Friday, November 25, 2011

Andrew Isaac Chance Convicted of Filing a False Retaliatory Lien Against a Federal Prosecutor and Filing Three False Claims for Income Tax Refund


Source- http://www.justice.gov/tax/txdv111515.htm

WASHINGTON – Andrew Isaac Chance of Clinton, Md., was convicted of filing a false retaliatory lien against a federal prosecutor and for filing three false claims for income tax refunds, the Justice Department, Internal Revenue Service (IRS) and Treasury Inspector General for Tax Administration (TIGTA) announced today. U.S. District Judge for the District of Maryland Alexander Williams Jr. presided over the federal jury trial in Greenbelt, Md.

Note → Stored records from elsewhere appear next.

(* Let $(Y(t))_{t\in\mathbb{R}}$ be a real-valued centered stochastic process with stationary increments and finite second moments, and put $\sigma(t)^2:=\mathbb{E}\,Y(t)^2$ for $t\in\mathbb{R}$. Then for every Bernstein function $f$ there exists a real-valued stochastic process $(Z(t))_{t\in\mathbb{R}}$ whose covariance is \[ R_{f,\sigma}(s,t)=f\bigl(\sigma(s)^2+\sigma(t)^2\bigr)-f\bigl(\sigma(s-t)^2\bigr),\qquad s,t\in\mathbb{R}. \]
   Context: A Bernstein function is a function $f:[0,\infty)\to[0,\infty)$ admitting a representation $f(\lambda)=a+b\lambda+\int_0^\infty(1-e^{-x\lambda})\,\mu(dx)$ with constants $a,b\ge 0$ and a measure $\mu$ on $(0,\infty)$ with $\int\min\{x,1\}\,\mu(dx)<\infty$. "Stationary increments" is understood in the sense that $Y(0)=0$ and, for every $h\in\mathbb{R}$, the process $(Y(t+h)-Y(h))_{t\in\mathbb{R}}$ has the same finite-dimensional distributions as $(Y(t))_{t\in\mathbb{R}}$ (in particular $\mathbb{E}(Y(t)-Y(s))^2=\sigma(t-s)^2$). *)

theory Defs
  imports "HOL-Probability.Probability"
begin

text \<open>Values of f at negative arguments are irrelevant.\<close>
definition bernstein_function :: "(real \<Rightarrow> real) \<Rightarrow> bool" where
  "bernstein_function f \<longleftrightarrow>
     (\<exists>a b (\<mu>::real measure). a \<ge> 0 \<and> b \<ge> 0 \<and>
        sets \<mu> = sets borel \<and> emeasure \<mu> {..0} = 0 \<and>
        (\<integral>\<^sup>+ x. ennreal (min x 1) \<partial>\<mu>) < \<infinity> \<and>
        (\<forall>l\<ge>0. f l = a + b * l + (\<integral>x. (1 - exp (- x * l)) \<partial>\<mu>)))"

definition stationary_increments :: "'a measure \<Rightarrow> (real \<Rightarrow> 'a \<Rightarrow> real) \<Rightarrow> bool" where
  "stationary_increments M Y \<longleftrightarrow>
     (AE \<omega> in M. Y 0 \<omega> = 0) \<and>
     (\<forall>h. \<forall>J. finite J \<longrightarrow>
        distr M (PiM J (\<lambda>_. borel)) (\<lambda>\<omega>. \<lambda>j\<in>J. Y (j + h) \<omega> - Y h \<omega>) =
        distr M (PiM J (\<lambda>_. borel)) (\<lambda>\<omega>. \<lambda>j\<in>J. Y j \<omega>))"

definition cov_fun :: "'a measure \<Rightarrow> (real \<Rightarrow> 'a \<Rightarrow> real) \<Rightarrow> real \<Rightarrow> real \<Rightarrow> real" where
  "cov_fun N Z s t =
     (\<integral>\<omega>. (Z s \<omega> - (\<integral>\<eta>. Z s \<eta> \<partial>N)) * (Z t \<omega> - (\<integral>\<eta>. Z t \<eta> \<partial>N)) \<partial>N)"

end

theory Submission
  imports Defs
begin

text \<open>With C(s,t) = E Y(s) Y(t) and S = sigma(s)^2 + sigma(t)^2, stationary increments give
  sigma(s - t)^2 = S - 2C, so the Bernstein representation of f turns the target kernel into
  f(S) - f(S - 2C) = 2bC + int e^(-xS) (e^(2xC) - 1) mu(dx).  In the expansion
  e^(2xC) = sum_n (2x)^n C^n / n!, each power C^n is the covariance of the product of n independent
  copies of Y.  So the kernel is realised by a random mixture: draw x from mu reweighted by min x 1,
  n geometrically, and independent copies Y_0, Y_1, ... of Y; put Z(t) = a(x,n,t) Y_0(t) ... Y_(k-1)(t)
  with k = max n 1 and deterministic weights a for which averaging over x and n reproduces the
  series, the term n = 0 carrying the linear part 2bC.  The law of the paths of Z is then a process
  indexed by the reals.\<close>

lemma integrable_mult_of_squares:
  fixes f g :: "'a \<Rightarrow> real"
  assumes [measurable]: "f \<in> borel_measurable M" "g \<in> borel_measurable M"
    and "integrable M (\<lambda>x. (f x)\<^sup>2)" "integrable M (\<lambda>x. (g x)\<^sup>2)"
  shows "integrable M (\<lambda>x. f x * g x)"
proof (rule Bochner_Integration.integrable_bound)
  show "integrable M (\<lambda>x. (f x)\<^sup>2 + (g x)\<^sup>2)"
    using assms(3,4) by (rule Bochner_Integration.integrable_add)
  have "\<bar>u * v\<bar> \<le> u\<^sup>2 + v\<^sup>2" for u v :: real
  proof -
    have "2 * (\<bar>u\<bar> * \<bar>v\<bar>) \<le> u\<^sup>2 + v\<^sup>2"
      using sum_squares_bound[of "\<bar>u\<bar>" "\<bar>v\<bar>"] by (simp add: mult.assoc)
    moreover have "0 \<le> \<bar>u\<bar> * \<bar>v\<bar>"
      by simp
    ultimately show ?thesis
      unfolding abs_mult by linarith
  qed
  then show "AE x in M. norm (f x * g x) \<le> norm ((f x)\<^sup>2 + (g x)\<^sup>2)"
    by simp
qed measurable

lemma
  fixes p :: "nat pmf" and h :: "nat \<Rightarrow> real"
  assumes "summable (\<lambda>n. pmf p n * \<bar>h n\<bar>)"
  shows integrable_measure_pmf_nat: "integrable (measure_pmf p) h"
    and integral_measure_pmf_nat: "(\<integral>n. h n \<partial>measure_pmf p) = (\<Sum>n. pmf p n * h n)"
proof -
  have "integrable (count_space UNIV) (\<lambda>n. pmf p n * h n)"
    using assms by (simp add: integrable_count_space_nat_iff abs_mult)
  then show "integrable (measure_pmf p) h" and "(\<integral>n. h n \<partial>measure_pmf p) = (\<Sum>n. pmf p n * h n)"
    unfolding measure_pmf_eq_density
    by (simp_all add: integrable_density integral_density integral_count_space_nat)
qed

lemma stationary_increments_integral:
  fixes g :: "real \<Rightarrow> real"
  assumes "stationary_increments M Y" and [measurable]: "\<And>t. Y t \<in> borel_measurable M"
    and [measurable]: "g \<in> borel_measurable borel"
  shows "(\<integral>\<omega>. g (Y (s - t) \<omega>) \<partial>M) = (\<integral>\<omega>. g (Y s \<omega> - Y t \<omega>) \<partial>M)"
proof -
  let ?P = "PiM {s - t} (\<lambda>_. borel) :: (real \<Rightarrow> real) measure"
  have distr_eq: "distr M ?P (\<lambda>\<omega>. \<lambda>j\<in>{s - t}. Y (j + t) \<omega> - Y t \<omega>) =
      distr M ?P (\<lambda>\<omega>. \<lambda>j\<in>{s - t}. Y j \<omega>)"
    using assms(1) unfolding stationary_increments_def by blast
  have [measurable]: "(\<lambda>h. g (h (s - t))) \<in> borel_measurable ?P"
    by measurable
  have "(\<integral>\<omega>. g (Y (s - t) \<omega>) \<partial>M) = (\<integral>h. g (h (s - t)) \<partial>distr M ?P (\<lambda>\<omega>. \<lambda>j\<in>{s - t}. Y j \<omega>))"
    by (subst integral_distr) simp_all
  also have "\<dots> = (\<integral>\<omega>. g (Y s \<omega> - Y t \<omega>) \<partial>M)"
    unfolding distr_eq[symmetric] by (subst integral_distr) simp_all
  finally show ?thesis .
qed

lemma
  fixes g :: "'a \<Rightarrow> real"
  assumes "prob_space M" and "integrable M g"
  shows integrable_prod_PiM_iid: "integrable (PiM UNIV (\<lambda>_::nat. M)) (\<lambda>\<omega>. \<Prod>i<k. g (\<omega> i))"
    and integral_prod_PiM_iid:
      "(\<integral>\<omega>. (\<Prod>i<k. g (\<omega> i)) \<partial>PiM UNIV (\<lambda>_::nat. M)) = (\<integral>x. g x \<partial>M) ^ k"
proof -
  interpret product_prob_space "\<lambda>_::nat. M" UNIV
    using assms(1) by (rule product_prob_spaceI)
  let ?restr = "\<lambda>\<omega>. restrict \<omega> {..<k}"
  have distr_restr: "distr (PiM UNIV (\<lambda>_. M)) (PiM {..<k} (\<lambda>_. M)) ?restr = PiM {..<k} (\<lambda>_. M)"
    by (rule distr_PiM_restrict_finite) auto
  have restr_meas: "?restr \<in> measurable (PiM UNIV (\<lambda>_. M)) (PiM {..<k} (\<lambda>_. M))"
    by (rule measurable_restrict_subset) auto
  have [measurable]: "g \<in> borel_measurable M"
    using assms(2) by auto
  have prod_meas: "(\<lambda>\<omega>. \<Prod>i<k. g (\<omega> i)) \<in> borel_measurable (PiM {..<k} (\<lambda>_. M))"
    by measurable
  have prod_restr: "(\<Prod>i<k. g (?restr \<omega> i)) = (\<Prod>i<k. g (\<omega> i))" for \<omega>
    by (auto intro!: prod.cong)
  have "integrable (PiM {..<k} (\<lambda>_. M)) (\<lambda>\<omega>. \<Prod>i<k. g (\<omega> i))"
    using assms(2) by (intro product_integrable_prod) auto
  then show "integrable (PiM UNIV (\<lambda>_::nat. M)) (\<lambda>\<omega>. \<Prod>i<k. g (\<omega> i))"
    using integrable_distr_eq[OF restr_meas prod_meas] by (simp add: distr_restr prod_restr)
  have "(\<integral>\<omega>. (\<Prod>i<k. g (\<omega> i)) \<partial>PiM UNIV (\<lambda>_::nat. M)) =
      (\<integral>\<omega>. (\<Prod>i<k. g (\<omega> i)) \<partial>PiM {..<k} (\<lambda>_. M))"
    using integral_distr[OF restr_meas prod_meas] by (simp add: distr_restr prod_restr)
  also have "\<dots> = (\<Prod>i<k. (\<integral>x. g x \<partial>M))"
    using assms(2) by (intro product_integral_prod) auto
  finally show "(\<integral>\<omega>. (\<Prod>i<k. g (\<omega> i)) \<partial>PiM UNIV (\<lambda>_::nat. M)) = (\<integral>x. g x \<partial>M) ^ k"
    by simp
qed

lemma path_space_realization:
  fixes P :: "'a measure" and Z :: "real \<Rightarrow> 'a \<Rightarrow> real"
  assumes "prob_space P" and [measurable]: "\<And>t. Z t \<in> borel_measurable P"
    and "\<And>t. integrable P (\<lambda>\<omega>. (Z t \<omega>)\<^sup>2)"
  shows "\<exists>(N :: (real \<Rightarrow> real) measure) (Z' :: real \<Rightarrow> (real \<Rightarrow> real) \<Rightarrow> real).
           prob_space N \<and> (\<forall>t. Z' t \<in> borel_measurable N \<and> integrable N (\<lambda>\<omega>. (Z' t \<omega>)\<^sup>2)) \<and>
           (\<forall>s t. cov_fun N Z' s t = cov_fun P Z s t)"
proof (intro exI conjI allI)
  let ?B = "PiM UNIV (\<lambda>_::real. borel) :: (real \<Rightarrow> real) measure"
  define N where "N = distr P ?B (\<lambda>\<omega> t. Z t \<omega>)"
  have paths_meas: "(\<lambda>\<omega> t. Z t \<omega>) \<in> measurable P ?B"
    by (rule measurable_PiM_single') auto
  have sets_N [measurable_cong]: "sets N = sets ?B"
    by (simp add: N_def)
  have integral_N: "(\<integral>h. g h \<partial>N) = (\<integral>\<omega>. g (\<lambda>t. Z t \<omega>) \<partial>P)"
    if "g \<in> borel_measurable ?B" for g :: "(real \<Rightarrow> real) \<Rightarrow> real"
    using that by (simp add: N_def integral_distr[OF paths_meas])
  show "prob_space N"
    unfolding N_def using assms(1) paths_meas by (rule prob_space.prob_space_distr)
  show "(\<lambda>h. h t) \<in> borel_measurable N" for t
    by measurable
  show "integrable N (\<lambda>h. (h t)\<^sup>2)" for t
    unfolding N_def by (subst integrable_distr_eq[OF paths_meas]) (simp_all add: assms(3))
  show "cov_fun N (\<lambda>t h. h t) s t = cov_fun P Z s t" for s t
    unfolding cov_fun_def by (simp add: integral_N)
qed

According to testimony and evidence presented at trial, Chance was convicted in 2007 for filing a false claim for an income tax refund for the tax year 2005. Shortly after he was released from prison for that crime, he filed a UCC Financing Statement with the Maryland Department of Assessments and Taxation, falsely claiming that the federal prosecutor, who prosecuted the 2007 case, owed him $1.313 billion. The evidence showed that Chance filed a similar lien against a Maryland state prosecutor for her role in prosecuting him for crimes relating to his attempts to cash the fraudulently obtained U.S. Treasury check for the 2005 tax return. According to the evidence, Chance admitted to a federal agent, when arrested in December 2010 in relation to the current indictment, that he had filed the liens because the prosecutors had “done him wrong.”

The evidence at trial established that a year after filing the false lien, Chance filed three false claims for tax refunds for tax years 2007, 2008 and 2009, seeking a total of $900,000. These three false tax returns were almost identical to the 2005 return for which he was previously convicted. On the 2005 tax return, Chance claimed he was the Andrew Chance Trust. On the 2007-2009 returns, he claimed he was the Andrew I Chance Trust. On each return in the current case, Chance claimed $300,000 in refunds based on completely false income and withholding amounts. The government introduced evidence that, despite having claimed withholdings on the false returns, Chance had no withholdings and, in fact, had demanded that Metro, from which he retired as a station manager in 1999, not withhold taxes from his retirement pay.

“This verdict is a clear message that filing false retaliatory liens against federal officials, including federal prosecutors who are simply doing their jobs, is illegal and will be punished,” said Deputy Assistant Attorney General Ronald A. Cimino of the Justice Department’s Tax Division.

Chance was on federal supervised release and state probation at the time of the conduct giving rise to this indictment. He still faces court actions related to those release violations.